WORK INSTRUCTIONS
Copy, from the material below, each line that contains the word "proof".
↓
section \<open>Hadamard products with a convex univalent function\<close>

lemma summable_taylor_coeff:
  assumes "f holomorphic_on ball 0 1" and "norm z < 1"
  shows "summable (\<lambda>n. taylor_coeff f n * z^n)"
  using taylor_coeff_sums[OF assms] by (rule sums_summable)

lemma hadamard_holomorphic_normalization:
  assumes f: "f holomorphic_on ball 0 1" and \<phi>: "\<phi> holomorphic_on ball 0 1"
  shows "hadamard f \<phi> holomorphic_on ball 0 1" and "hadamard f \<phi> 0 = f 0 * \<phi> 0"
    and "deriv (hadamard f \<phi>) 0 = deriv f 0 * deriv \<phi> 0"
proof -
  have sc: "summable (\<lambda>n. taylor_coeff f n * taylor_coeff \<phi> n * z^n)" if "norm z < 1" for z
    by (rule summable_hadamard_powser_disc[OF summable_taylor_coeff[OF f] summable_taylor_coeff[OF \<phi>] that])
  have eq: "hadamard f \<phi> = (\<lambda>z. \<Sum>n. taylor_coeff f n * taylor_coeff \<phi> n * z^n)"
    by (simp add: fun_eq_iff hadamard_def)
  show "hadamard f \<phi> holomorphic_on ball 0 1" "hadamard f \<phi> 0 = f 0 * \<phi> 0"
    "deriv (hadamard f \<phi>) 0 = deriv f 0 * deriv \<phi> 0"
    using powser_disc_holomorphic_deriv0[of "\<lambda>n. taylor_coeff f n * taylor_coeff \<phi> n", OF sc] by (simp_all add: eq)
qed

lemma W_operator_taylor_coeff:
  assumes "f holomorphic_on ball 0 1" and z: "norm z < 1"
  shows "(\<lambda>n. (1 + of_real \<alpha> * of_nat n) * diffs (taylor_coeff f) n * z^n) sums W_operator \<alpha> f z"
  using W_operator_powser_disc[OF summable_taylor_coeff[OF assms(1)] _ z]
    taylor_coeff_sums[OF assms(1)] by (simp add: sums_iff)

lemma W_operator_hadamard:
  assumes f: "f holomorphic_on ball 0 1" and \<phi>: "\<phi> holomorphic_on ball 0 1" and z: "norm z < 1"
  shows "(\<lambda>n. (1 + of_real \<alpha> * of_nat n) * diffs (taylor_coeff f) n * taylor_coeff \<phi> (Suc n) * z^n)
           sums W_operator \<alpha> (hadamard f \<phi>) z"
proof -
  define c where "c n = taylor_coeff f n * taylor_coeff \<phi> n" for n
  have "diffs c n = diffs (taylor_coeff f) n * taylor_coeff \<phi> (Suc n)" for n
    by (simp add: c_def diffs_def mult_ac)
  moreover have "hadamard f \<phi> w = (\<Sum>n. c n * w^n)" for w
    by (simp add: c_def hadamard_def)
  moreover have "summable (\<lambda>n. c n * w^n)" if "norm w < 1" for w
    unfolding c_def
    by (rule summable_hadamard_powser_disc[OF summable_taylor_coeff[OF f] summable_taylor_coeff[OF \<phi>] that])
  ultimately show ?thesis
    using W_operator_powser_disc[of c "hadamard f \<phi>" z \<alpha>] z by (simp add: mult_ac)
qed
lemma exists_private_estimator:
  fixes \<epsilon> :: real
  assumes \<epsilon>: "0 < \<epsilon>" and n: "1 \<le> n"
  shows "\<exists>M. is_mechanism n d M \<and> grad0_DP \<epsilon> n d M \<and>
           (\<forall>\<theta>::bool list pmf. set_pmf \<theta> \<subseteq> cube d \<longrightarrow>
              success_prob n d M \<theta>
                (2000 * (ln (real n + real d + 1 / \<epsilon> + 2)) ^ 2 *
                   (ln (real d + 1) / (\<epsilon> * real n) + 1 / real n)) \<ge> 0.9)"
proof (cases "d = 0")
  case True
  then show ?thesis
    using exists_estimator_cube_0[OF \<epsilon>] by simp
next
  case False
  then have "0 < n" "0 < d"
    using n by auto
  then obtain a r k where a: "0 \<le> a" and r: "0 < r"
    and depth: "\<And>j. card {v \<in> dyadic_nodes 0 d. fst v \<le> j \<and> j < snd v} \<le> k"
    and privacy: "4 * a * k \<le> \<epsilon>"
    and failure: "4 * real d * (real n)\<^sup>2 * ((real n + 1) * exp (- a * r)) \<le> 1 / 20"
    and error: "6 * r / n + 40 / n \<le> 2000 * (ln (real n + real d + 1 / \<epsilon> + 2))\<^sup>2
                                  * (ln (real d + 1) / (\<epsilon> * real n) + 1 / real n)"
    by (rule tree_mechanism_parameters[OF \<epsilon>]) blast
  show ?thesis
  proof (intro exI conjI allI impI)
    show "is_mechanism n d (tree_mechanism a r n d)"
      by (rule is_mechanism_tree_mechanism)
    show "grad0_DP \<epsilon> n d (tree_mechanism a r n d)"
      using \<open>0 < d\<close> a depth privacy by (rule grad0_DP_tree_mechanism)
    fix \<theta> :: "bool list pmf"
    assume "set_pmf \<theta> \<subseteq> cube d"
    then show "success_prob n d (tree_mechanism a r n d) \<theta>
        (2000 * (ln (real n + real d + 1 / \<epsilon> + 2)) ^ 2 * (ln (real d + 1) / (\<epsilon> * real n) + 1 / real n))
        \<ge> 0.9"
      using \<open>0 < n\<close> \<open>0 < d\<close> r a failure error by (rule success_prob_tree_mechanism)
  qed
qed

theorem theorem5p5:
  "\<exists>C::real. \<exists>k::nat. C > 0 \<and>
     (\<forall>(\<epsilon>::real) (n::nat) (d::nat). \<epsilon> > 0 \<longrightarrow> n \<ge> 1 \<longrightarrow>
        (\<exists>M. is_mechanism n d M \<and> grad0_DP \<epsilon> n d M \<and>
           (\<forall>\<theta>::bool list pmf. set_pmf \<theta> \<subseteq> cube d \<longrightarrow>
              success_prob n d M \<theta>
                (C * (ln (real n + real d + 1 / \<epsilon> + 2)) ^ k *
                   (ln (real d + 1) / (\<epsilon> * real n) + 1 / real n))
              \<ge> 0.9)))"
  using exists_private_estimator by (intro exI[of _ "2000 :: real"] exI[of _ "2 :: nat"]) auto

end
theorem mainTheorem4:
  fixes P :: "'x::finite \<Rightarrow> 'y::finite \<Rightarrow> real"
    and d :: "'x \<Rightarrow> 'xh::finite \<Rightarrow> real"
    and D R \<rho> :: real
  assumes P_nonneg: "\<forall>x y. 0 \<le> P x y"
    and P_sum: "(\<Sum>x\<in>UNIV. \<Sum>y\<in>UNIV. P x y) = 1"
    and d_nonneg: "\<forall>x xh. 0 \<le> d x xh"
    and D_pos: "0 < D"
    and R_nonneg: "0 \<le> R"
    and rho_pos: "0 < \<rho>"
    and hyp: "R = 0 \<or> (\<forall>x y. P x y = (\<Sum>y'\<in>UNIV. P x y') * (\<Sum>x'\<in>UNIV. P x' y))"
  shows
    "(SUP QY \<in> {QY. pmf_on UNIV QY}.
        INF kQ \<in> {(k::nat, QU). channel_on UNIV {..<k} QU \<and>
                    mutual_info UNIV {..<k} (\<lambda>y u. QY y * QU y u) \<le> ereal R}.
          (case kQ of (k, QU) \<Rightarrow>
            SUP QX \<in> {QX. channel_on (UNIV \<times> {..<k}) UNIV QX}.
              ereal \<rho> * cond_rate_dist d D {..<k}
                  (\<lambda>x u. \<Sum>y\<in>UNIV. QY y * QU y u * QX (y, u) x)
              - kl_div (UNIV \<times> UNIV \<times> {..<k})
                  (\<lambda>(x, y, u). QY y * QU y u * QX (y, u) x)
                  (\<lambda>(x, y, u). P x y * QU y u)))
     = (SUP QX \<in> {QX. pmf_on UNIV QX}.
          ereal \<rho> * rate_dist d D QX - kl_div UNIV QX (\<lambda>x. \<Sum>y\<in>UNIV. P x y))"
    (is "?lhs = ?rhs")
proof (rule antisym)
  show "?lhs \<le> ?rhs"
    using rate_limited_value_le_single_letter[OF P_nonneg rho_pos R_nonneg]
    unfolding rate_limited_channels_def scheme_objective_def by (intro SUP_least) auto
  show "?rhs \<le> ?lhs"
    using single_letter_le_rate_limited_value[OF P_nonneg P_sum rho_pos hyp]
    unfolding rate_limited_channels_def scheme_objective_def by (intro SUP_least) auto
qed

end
↑
↓
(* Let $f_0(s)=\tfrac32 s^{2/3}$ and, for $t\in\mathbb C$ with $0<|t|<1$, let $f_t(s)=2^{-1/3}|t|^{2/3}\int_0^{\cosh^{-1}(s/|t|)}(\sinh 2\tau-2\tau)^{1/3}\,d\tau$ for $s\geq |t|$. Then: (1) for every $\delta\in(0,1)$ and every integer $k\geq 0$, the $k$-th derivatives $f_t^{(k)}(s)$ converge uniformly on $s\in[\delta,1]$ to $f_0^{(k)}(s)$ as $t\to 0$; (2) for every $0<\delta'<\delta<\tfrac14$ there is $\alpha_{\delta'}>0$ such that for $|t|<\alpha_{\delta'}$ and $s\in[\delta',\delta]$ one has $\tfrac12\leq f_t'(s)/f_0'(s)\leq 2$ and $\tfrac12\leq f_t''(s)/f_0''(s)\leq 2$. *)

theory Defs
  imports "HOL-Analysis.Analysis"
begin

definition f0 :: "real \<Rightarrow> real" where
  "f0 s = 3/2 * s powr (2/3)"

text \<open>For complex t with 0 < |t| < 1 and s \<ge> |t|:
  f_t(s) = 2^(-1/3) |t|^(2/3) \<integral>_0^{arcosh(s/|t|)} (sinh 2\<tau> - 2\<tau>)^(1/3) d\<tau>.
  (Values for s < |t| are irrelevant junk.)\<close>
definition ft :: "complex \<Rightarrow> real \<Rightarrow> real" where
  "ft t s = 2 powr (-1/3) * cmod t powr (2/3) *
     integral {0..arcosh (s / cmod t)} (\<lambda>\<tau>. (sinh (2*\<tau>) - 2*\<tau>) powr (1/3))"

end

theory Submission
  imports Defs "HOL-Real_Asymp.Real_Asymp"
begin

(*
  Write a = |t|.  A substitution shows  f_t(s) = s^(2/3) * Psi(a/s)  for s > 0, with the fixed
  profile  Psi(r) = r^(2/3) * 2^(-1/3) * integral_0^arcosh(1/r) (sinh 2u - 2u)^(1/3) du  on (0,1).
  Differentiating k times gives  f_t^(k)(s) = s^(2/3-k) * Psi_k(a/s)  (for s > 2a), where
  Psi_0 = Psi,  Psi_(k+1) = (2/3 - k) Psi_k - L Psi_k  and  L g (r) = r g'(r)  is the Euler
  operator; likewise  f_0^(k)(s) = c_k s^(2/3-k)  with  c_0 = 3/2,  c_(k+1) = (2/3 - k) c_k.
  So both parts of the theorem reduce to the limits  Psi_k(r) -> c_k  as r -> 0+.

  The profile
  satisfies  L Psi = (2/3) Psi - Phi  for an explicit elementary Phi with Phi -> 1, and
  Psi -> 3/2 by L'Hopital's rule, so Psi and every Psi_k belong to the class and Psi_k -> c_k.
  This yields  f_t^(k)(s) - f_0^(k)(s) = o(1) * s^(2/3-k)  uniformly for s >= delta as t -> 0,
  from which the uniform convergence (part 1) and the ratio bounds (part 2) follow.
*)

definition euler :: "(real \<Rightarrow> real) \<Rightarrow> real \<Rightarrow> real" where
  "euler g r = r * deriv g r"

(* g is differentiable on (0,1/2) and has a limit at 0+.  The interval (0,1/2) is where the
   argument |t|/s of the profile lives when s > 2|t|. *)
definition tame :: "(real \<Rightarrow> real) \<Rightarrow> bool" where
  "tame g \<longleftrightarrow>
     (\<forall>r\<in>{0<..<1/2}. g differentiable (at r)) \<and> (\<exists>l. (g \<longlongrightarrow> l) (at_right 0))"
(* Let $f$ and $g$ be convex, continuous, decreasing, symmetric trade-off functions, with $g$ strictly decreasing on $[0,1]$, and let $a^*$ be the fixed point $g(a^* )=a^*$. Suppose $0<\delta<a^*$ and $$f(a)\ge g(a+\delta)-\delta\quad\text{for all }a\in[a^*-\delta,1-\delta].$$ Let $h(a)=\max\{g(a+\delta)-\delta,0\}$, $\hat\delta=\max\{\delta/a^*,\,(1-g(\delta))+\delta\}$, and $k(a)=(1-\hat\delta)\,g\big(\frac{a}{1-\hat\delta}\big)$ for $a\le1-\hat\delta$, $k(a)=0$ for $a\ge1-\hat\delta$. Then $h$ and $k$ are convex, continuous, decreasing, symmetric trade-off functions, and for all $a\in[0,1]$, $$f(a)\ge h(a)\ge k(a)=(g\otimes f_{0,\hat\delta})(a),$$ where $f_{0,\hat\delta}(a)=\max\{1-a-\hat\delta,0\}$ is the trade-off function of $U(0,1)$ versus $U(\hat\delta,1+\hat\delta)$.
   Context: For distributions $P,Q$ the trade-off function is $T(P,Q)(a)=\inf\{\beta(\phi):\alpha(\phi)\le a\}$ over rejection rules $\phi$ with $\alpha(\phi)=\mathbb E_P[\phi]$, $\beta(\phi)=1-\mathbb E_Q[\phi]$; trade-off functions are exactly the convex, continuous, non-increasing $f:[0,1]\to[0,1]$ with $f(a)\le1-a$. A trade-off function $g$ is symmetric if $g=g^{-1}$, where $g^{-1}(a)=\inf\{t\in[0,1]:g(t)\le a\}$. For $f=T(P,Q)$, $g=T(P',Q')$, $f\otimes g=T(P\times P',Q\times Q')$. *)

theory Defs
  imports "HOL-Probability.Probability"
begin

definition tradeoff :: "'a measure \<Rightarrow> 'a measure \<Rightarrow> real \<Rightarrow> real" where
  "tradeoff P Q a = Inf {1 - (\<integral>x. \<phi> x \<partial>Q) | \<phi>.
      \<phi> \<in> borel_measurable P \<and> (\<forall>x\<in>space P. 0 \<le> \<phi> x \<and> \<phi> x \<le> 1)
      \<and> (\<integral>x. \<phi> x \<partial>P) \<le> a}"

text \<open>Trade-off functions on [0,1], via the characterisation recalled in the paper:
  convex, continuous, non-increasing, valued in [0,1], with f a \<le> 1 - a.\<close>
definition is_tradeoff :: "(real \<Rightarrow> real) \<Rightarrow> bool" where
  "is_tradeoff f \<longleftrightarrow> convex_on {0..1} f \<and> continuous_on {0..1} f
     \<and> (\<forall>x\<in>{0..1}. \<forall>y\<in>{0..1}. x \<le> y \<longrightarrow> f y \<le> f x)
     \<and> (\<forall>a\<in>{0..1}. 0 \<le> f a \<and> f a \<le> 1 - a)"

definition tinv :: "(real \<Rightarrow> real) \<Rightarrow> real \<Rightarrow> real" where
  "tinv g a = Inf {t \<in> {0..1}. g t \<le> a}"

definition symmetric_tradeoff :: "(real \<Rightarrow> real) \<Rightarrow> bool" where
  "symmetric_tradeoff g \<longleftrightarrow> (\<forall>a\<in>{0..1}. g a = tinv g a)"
↑
EXERCISE RESULT
proof -
proof -
proof (cases "d = 0")
  proof (intro exI conjI allI impI)
proof (rule antisym)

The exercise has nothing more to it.